- _TASK TO CARRY OUT_:
Within the records below, find each line that holds the string "auto", then copy it.

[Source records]
lemma crossing_walk_depth_walk:
  assumes "depths_ok M z" "tss M z p"
  shows "crossing_walk (depth_walk M z p) (length p - 1) M"
proof unfold_locales
  let ?q = "depth_walk M z p"
  have ne: "p \<noteq> []" using assms(2) by (simp add: tss_def)
  show "?q 0 = -1" "?q (length p - 1) = int M + 1"
    using assms(2) depth_index_eq[OF assms(1)] by (auto simp: tss_def depth_walk_def)
  show "0 \<le> ?q i \<and> ?q i \<le> int M" if "0 < i" "i < length p - 1" for i
    using tss_depth_walk_interior[OF assms that] by simp
  fix i assume "i < length p - 1"
  then have i: "i < length p" "Suc i < length p" by auto
  obtain j where j: "-1 \<le> j" "j \<le> int M" "{p ! i, p ! Suc i} = {z j, z (j + 1)}"
    using assms(2) \<open>i < length p - 1\<close> by (auto simp: tss_def)
  have ranges: "{?q i, ?q (Suc i)} \<subseteq> {-1..int M + 1}" "{j, j + 1} \<subseteq> {-1..int M + 1}"
    using tss_nth_eq_depth_walk(2)[OF assms i(1)] tss_nth_eq_depth_walk(2)[OF assms i(2)] j(1,2)
    by auto
  have "z ` {?q i, ?q (Suc i)} = z ` {j, j + 1}"
    using j(3) tss_nth_eq_depth_walk(1)[OF assms i(1)] tss_nth_eq_depth_walk(1)[OF assms i(2)]
    by simp
  then have "{?q i, ?q (Suc i)} = {j, j + 1}"
    using inj_on_image_eq_iff[OF depths_ok_inj_on[OF assms(1)] ranges] by simp
  then show "?q (Suc i) = ?q i + 1 \<or> ?q (Suc i) = ?q i - 1"
    by (auto simp: doubleton_eq_iff)
qed

context
  fixes M :: nat and z :: "int \<Rightarrow> real" and p :: "real list"
  assumes depths: "depths_ok M z" and seq: "tss M z p"
begin

interpretation walk: crossing_walk "depth_walk M z p" "length p - 1" M
  using depths seq by (rule crossing_walk_depth_walk)

lemma weight_eq_prod_vertex_weight:
  "weight M z R p = (\<Prod>i\<in>{1..<length p - 1}. vertex_weight (depth_walk M z p) R (trans_coeff R) i)"
  unfolding weight_def
proof (intro prod.cong refl)
  fix i assume i: "i \<in> {1..<length p - 1}"
  let ?q = "depth_walk M z p"
  have qi: "?q i \<in> {0..int M}" using tss_depth_walk_interior[OF depths seq, of i] i by simp
  have "p ! (i - 1) = z (?q i - 1) \<longleftrightarrow> ?q (i - 1) = ?q i - 1"
    "p ! (i - 1) = z (?q i + 1) \<longleftrightarrow> ?q (i - 1) = ?q i + 1"
    "p ! (Suc i) = z (?q i - 1) \<longleftrightarrow> ?q (Suc i) = ?q i - 1"
    "p ! (Suc i) = z (?q i + 1) \<longleftrightarrow> ?q (Suc i) = ?q i + 1"
    using i qi by (auto intro!: depth_walk_eq_iff[OF depths seq])
  then show "loc_weight M z R p i = vertex_weight ?q R (trans_coeff R) i"
    unfolding loc_weight_def vertex_weight_def Let_def depth_walk_def[symmetric] by simp
qed

lemma runs_eq_maximal_runs:
  "runs M z p n = maximal_runs (length p - 1) (\<lambda>i. int n \<le> depth_walk M z p i)"
proof -
  have "in_layer M z p n i \<longleftrightarrow> int n \<le> depth_walk M z p i" if "i \<le> length p - 1" for i
  proof -
    have i: "i < length p" using that seq by (cases p) (auto simp: tss_def)
    show ?thesis
      unfolding in_layer_def
      using tss_nth_eq_depth_walk[OF depths seq i] depth_walk_eq_iff[OF depths seq i]
      by (smt (verit) atLeastAtMost_iff of_nat_0_le_iff)
  qed
  then show ?thesis
    unfolding runs_def maximal_runs_def[symmetric] by (rule maximal_runs_cong)
qed

lemma kappa_eq_card_down_steps:
  "kappa M z p n = card (walk.down_steps (int n) (length p - 1))"
  unfolding kappa_def runs_eq_maximal_runs using walk.card_nontrunk_runs walk.start by simp

lemma beta_eq_card_passes_down:
  "beta M z p n = card (walk.passes_down (int n))"
  unfolding beta_def runs_eq_maximal_runs using walk.card_long_nontrunk_runs walk.start by simp

lemma kappa_tilde_eq_card_down_steps:
  "n \<le> M \<Longrightarrow> kappa_tilde M z p n = card (walk.down_steps (int n + 1) (length p - 1))"
  using kappa_eq_card_down_steps[of "Suc n"] walk.down_steps_top
  by (auto simp: kappa_tilde_def add.commute)

end

theorem lemma3:
  fixes M :: nat and z :: "int \<Rightarrow> real" and R :: "nat \<Rightarrow> real" and p :: "real list"
  assumes "M \<ge> 1"
    and "depths_ok M z"
    and "medium M R"
    and "tss M z p"
  shows "weight M z R p =
    (\<Prod>n\<in>{0..M}.
        (- R n) ^ (kappa_tilde M z p n - beta M z p n)
      * (R n) ^ (kappa M z p n - beta M z p n)
      * (trans_coeff R n) ^ (2 * beta M z p n + 1))"
proof -
  interpret walk: crossing_walk "depth_walk M z p" "length p - 1" M
    using assms(2,4) by (rule crossing_walk_depth_walk)
  show ?thesis
    unfolding weight_eq_prod_vertex_weight[OF assms(2,4)] walk.prod_vertex_weight_levels
    by (intro prod.cong refl)
       (simp add: kappa_eq_card_down_steps[OF assms(2,4)] beta_eq_card_passes_down[OF assms(2,4)]
         kappa_tilde_eq_card_down_steps[OF assms(2,4)])
qed

end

- _PROBLEM SOLUTION_:
    using assms(2) depth_index_eq[OF assms(1)] by (auto simp: tss_def depth_walk_def)
  then have i: "i < length p" "Suc i < length p" by auto
    using assms(2) \<open>i < length p - 1\<close> by (auto simp: tss_def)
    by auto
    by (auto simp: doubleton_eq_iff)
    using i qi by (auto intro!: depth_walk_eq_iff[OF depths seq])
    have i: "i < length p" using that seq by (cases p) (auto simp: tss_def)
  by (auto simp: kappa_tilde_def add.commute)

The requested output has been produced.